(Collected data)
......

lemma sv_Cartan_L0 [simp]: "sv_Cartan (sv_L 0)"
  and sv_Cartan_C [simp]: "sv_Cartan sv_C"
  and sv_Cartan_scale [simp]: "sv_Cartan h \<Longrightarrow> sv_Cartan (sv_scale c h)"
  by (simp_all add: sv_Cartan_def)

lemma sv_bracket_Cartan:
  assumes "sv_Cartan h"
  shows "sv_bracket h v =
    ((\<lambda>n. - Lco h 0 * of_int n * Lco v n), (\<lambda>t. - Lco h 0 * complex_of_real t * Gco v t), 0)"
proof -
  have G: "\<forall>r. Gco h r = 0" and L: "{m. Lco h m \<noteq> 0} \<subseteq> {0}"
    using assms by (auto simp: sv_Cartan_def)
  have sum: "(\<Sum>m\<in>{m. Lco h m \<noteq> 0}. Lco h m * g m) = Lco h 0 * g 0"
    "(\<Sum>m\<in>{m. Lco h m \<noteq> 0}. Lco h m * g m / 12) = Lco h 0 * g 0 / 12" for g :: "int \<Rightarrow> complex"
    using sum_nonzero_support_subset_singleton[OF L, of "\<lambda>m. g m / 12"]
    by (simp_all add: sum_nonzero_support_subset_singleton[OF L])
  show ?thesis
    by (rule sv_eqI) (simp_all add: Lco_sv_bracket Gco_sv_bracket Cco_sv_bracket G mult.assoc sum)
qed

lemma sv_bracket_L0: "sv_bracket (sv_L 0) v = ((\<lambda>n. - of_int n * Lco v n), (\<lambda>t. - complex_of_real t * Gco v t), 0)"
  using sv_bracket_Cartan[OF sv_Cartan_L0, of v] by simp

lemma sv_bracket_L0_basis:
  "sv_bracket (sv_L 0) (sv_L m) = sv_scale (- of_int m) (sv_L m)"
  "sv_bracket (sv_L 0) (sv_G r) = sv_scale (- complex_of_real r) (sv_G r)"
  "sv_bracket (sv_L 0) sv_C = sv_scale 0 sv_C"
  by (rule sv_eqI; auto simp: sv_bracket_L0)+

lemma sv_bracket_C: "sv_bracket sv_C v = sv_zero"
  using sv_bracket_Cartan[OF sv_Cartan_C, of v] by (auto intro: sv_eqI)

lemma sv_bracket_L1_Lm1: "sv_bracket (sv_L 1) (sv_L (-1)) = sv_scale 2 (sv_L 0)"
proof -
  have "{m. Lco (sv_L 1) m \<noteq> 0} = {1}" by auto
  then show ?thesis by (intro sv_eqI) (simp_all add: Lco_sv_bracket Gco_sv_bracket Cco_sv_bracket)
qed

text \<open>The central term \<open>(m^3 - m)/12\<close> of \<open>[L_m, L_{-m}]\<close> vanishes for \<open>m = \<plusminus>1\<close>.\<close>

lemma Cco_sv_bracket_L_pm1:
  assumes G: "\<forall>r. Gco x r = 0" and L: "{m. Lco x m \<noteq> 0} \<subseteq> {s}" and s: "s = 1 \<or> s = -1"
  shows "Cco (sv_bracket x y) = 0"
proof -
  have "Cco (sv_bracket x y) = (\<Sum>m\<in>{m. Lco x m \<noteq> 0}. Lco x m * (Lco y (- m) * of_int (m ^ 3 - m) / 12))"
    by (simp add: Cco_sv_bracket G mult.assoc)
  also have "\<dots> = 0" using s by (subst sum_nonzero_support_subset_singleton[OF L]) auto
  finally show ?thesis .
qed

lemma Lco_sv_bracket_isolated_term:
  assumes G: "\<forall>r. Gco h r = 0" and fin: "finite {m. Lco h m \<noteq> 0}"
    and isolated: "\<And>m. Lco h m \<noteq> 0 \<Longrightarrow> m \<noteq> M \<Longrightarrow> Lco v (M + N - m) = 0"
  shows "Lco (sv_bracket h v) (M + N) = Lco h M * Lco v N * of_int (M - N)"
proof -
  let ?g = "\<lambda>m. Lco h m * Lco v (M + N - m) * of_int (m - (M + N - m))"
  have "(\<Sum>m\<in>{m. Lco h m \<noteq> 0}. ?g m) = (\<Sum>m\<in>{m. Lco h m \<noteq> 0}. if m = M then ?g M else 0)"
    by (rule sum.cong) (auto simp: isolated)
  also have "\<dots> = ?g M" using fin by simp
  finally show ?thesis by (simp add: Lco_sv_bracket G)
qed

......

#### WHAT IS BEING ASKED
Gather each line of the records holding the string "have".

#### RESULT FOR THIS EXERCISE
  have G: "\<forall>r. Gco h r = 0" and L: "{m. Lco h m \<noteq> 0} \<subseteq> {0}"
  have sum: "(\<Sum>m\<in>{m. Lco h m \<noteq> 0}. Lco h m * g m) = Lco h 0 * g 0"
  have "{m. Lco (sv_L 1) m \<noteq> 0} = {1}" by auto
  have "Cco (sv_bracket x y) = (\<Sum>m\<in>{m. Lco x m \<noteq> 0}. Lco x m * (Lco y (- m) * of_int (m ^ 3 - m) / 12))"
  also have "\<dots> = 0" using s by (subst sum_nonzero_support_subset_singleton[OF L]) auto
  have "(\<Sum>m\<in>{m. Lco h m \<noteq> 0}. ?g m) = (\<Sum>m\<in>{m. Lco h m \<noteq> 0}. if m = M then ?g M else 0)"
  also have "\<dots> = ?g M" using fin by simp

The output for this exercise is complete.